**Directions:** Only the lines holding the string "with" are needed; copy each of them from the data.

**Supplied data:**
BEGIN

theorem theorem3p9:
  fixes VG :: "'a set" and EG :: "'a set set" and VH :: "'b set" and EH :: "'b set set"
    and L :: "'a set"
  assumes "simple_graph VG EG" and "connected_graph VG EG" and "card VG > 1"
    and "simple_graph VH EH" and "connected_graph VH EH"
    and "L \<subseteq> VG" and "L \<noteq> {}"
    and "accessible (cutsets (corona_V VG L VH) (corona_E EG L VH EH))"
  shows "accessible (cutsets VH EH)"
  unfolding accessible_def
proof (intro ballI impI)
  obtain v where "v \<in> L" using assms(7) by blast
  interpret corona_root VG EG VH EH L v
    using assms(1,2,4,6) \<open>v \<in> L\<close> by unfold_locales (simp_all add: simple_graph_def)
  fix T assume "T \<in> cutsets VH EH" and "T \<noteq> {}"
  then have "insert (Inl v) (copy T) \<in> cutsets V E"
    by (simp add: cutsets_def is_cutset_root_copy)
  moreover have "\<And>U. U \<in> cutsets V E \<Longrightarrow> U \<noteq> {} \<Longrightarrow> \<exists>s\<in>U. U - {s} \<in> cutsets V E"
    using assms(8) unfolding accessible_def by blast
  ultimately have "\<exists>s\<in>insert (Inl v) (copy T). insert (Inl v) (copy T) - {s} \<in> cutsets V E"
    by blast
  then obtain s where s: "s \<in> insert (Inl v) (copy T)"
    and cut: "insert (Inl v) (copy T) - {s} \<in> cutsets V E" ..
  have "s \<noteq> Inl v"
  proof
    assume "s = Inl v"
    with cut have "is_cutset V E (copy T)" by (simp add: cutsets_def root_copy_Diff_root)
    with \<open>T \<noteq> {}\<close> show False by (simp add: not_is_cutset_copy)
  qed
  with s obtain t where "t \<in> T" and "s = Inr (v, t)" by (auto simp: copy_def)
  with cut have "is_cutset VH EH (T - {t})"
    by (simp add: cutsets_def root_copy_Diff_copy is_cutset_of_is_cutset_root_copy)
  with \<open>t \<in> T\<close> show "\<exists>t\<in>T. T - {t} \<in> cutsets VH EH"
    by (auto simp: cutsets_def)
qed

end
(* Let $U=\mathbb R$ and let $f^l,f^r:\mathbb R\to\mathbb R$ be such that, for some $u_o^l,u_o^r\in\mathbb R$, $f^{l,r}$ restricted to $(-\infty,u_o^{l,r}]$ is a bijective decreasing map onto $\mathbb R_+=[0,\infty)$ and $f^{l,r}$ restricted to $[u_o^{l,r},\infty)$ is a bijective increasing map onto $\mathbb R_+$. Let $\mathcal G_{AP}$ be the set of pairs $(u^l,u^r)\in\mathbb R^2$ with $f^l(u^l)=f^r(u^r)$ and $\operatorname{sign}(u^l-u_o^l)=\operatorname{sign}(u^r-u_o^r)$. Then $\mathcal G_{AP}$ is complete.
   Context: Completeness: $u_-$ connects to $u^l$ from the left if there is a Kruzhkov entropy solution $w$ of $w_t+f^l(w)_x=0$ on $(0,\infty)\times\mathbb R$ with initial data $u_-$ ($x<0$), $u^l$ ($x>0$) and $w=u^l$ a.e. on $\{x>0\}$; $u^r$ connects to $u_+$ from the right if there is a Kruzhkov entropy solution $w$ of $w_t+f^r(w)_x=0$ with data $u^r$ ($x<0$), $u_+$ ($x>0$) and $w=u^r$ a.e. on $\{x<0\}$. A set $\mathcal G$ of pairs is complete if for every $(u_-,u_+)\in\mathbb R^2$ there is $(u^l,u^r)\in\mathcal G$ such that $u_-$ connects to $u^l$ from the left and $u^r$ connects to $u_+$ from the right. *)

theory Defs
  imports "HOL-Analysis.Analysis"
begin

text \<open>Nonnegative C^1 test functions with compact support on the (t,x)-plane.
  The pair p = (t,x); phit, phix are the partial derivatives in t and x.\<close>
definition test_fun ::
  "(real \<times> real \<Rightarrow> real) \<Rightarrow> (real \<times> real \<Rightarrow> real) \<Rightarrow> (real \<times> real \<Rightarrow> real) \<Rightarrow> bool" where
  "test_fun phi phit phix \<longleftrightarrow>
     (\<forall>p. phi p \<ge> 0) \<and>
     (\<exists>K. compact K \<and> (\<forall>p. p \<notin> K \<longrightarrow> phi p = 0)) \<and>
     (\<forall>p. (phi has_derivative (\<lambda>(s, y). s * phit p + y * phix p)) (at p)) \<and>
     continuous_on UNIV phit \<and> continuous_on UNIV phix"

END

**Answer box:**
    with cut have "is_cutset V E (copy T)" by (simp add: cutsets_def root_copy_Diff_root)
    with \<open>T \<noteq> {}\<close> show False by (simp add: not_is_cutset_copy)
  with s obtain t where "t \<in> T" and "s = Inr (v, t)" by (auto simp: copy_def)
  with cut have "is_cutset VH EH (T - {t})"
  with \<open>t \<in> T\<close> show "\<exists>t\<in>T. T - {t} \<in> cutsets VH EH"
(* Let $U=\mathbb R$ and let $f^l,f^r:\mathbb R\to\mathbb R$ be such that, for some $u_o^l,u_o^r\in\mathbb R$, $f^{l,r}$ restricted to $(-\infty,u_o^{l,r}]$ is a bijective decreasing map onto $\mathbb R_+=[0,\infty)$ and $f^{l,r}$ restricted to $[u_o^{l,r},\infty)$ is a bijective increasing map onto $\mathbb R_+$. Let $\mathcal G_{AP}$ be the set of pairs $(u^l,u^r)\in\mathbb R^2$ with $f^l(u^l)=f^r(u^r)$ and $\operatorname{sign}(u^l-u_o^l)=\operatorname{sign}(u^r-u_o^r)$. Then $\mathcal G_{AP}$ is complete.
   Context: Completeness: $u_-$ connects to $u^l$ from the left if there is a Kruzhkov entropy solution $w$ of $w_t+f^l(w)_x=0$ on $(0,\infty)\times\mathbb R$ with initial data $u_-$ ($x<0$), $u^l$ ($x>0$) and $w=u^l$ a.e. on $\{x>0\}$; $u^r$ connects to $u_+$ from the right if there is a Kruzhkov entropy solution $w$ of $w_t+f^r(w)_x=0$ with data $u^r$ ($x<0$), $u_+$ ($x>0$) and $w=u^r$ a.e. on $\{x<0\}$. A set $\mathcal G$ of pairs is complete if for every $(u_-,u_+)\in\mathbb R^2$ there is $(u^l,u^r)\in\mathcal G$ such that $u_-$ connects to $u^l$ from the left and $u^r$ connects to $u_+$ from the right. *)
text \<open>Nonnegative C^1 test functions with compact support on the (t,x)-plane.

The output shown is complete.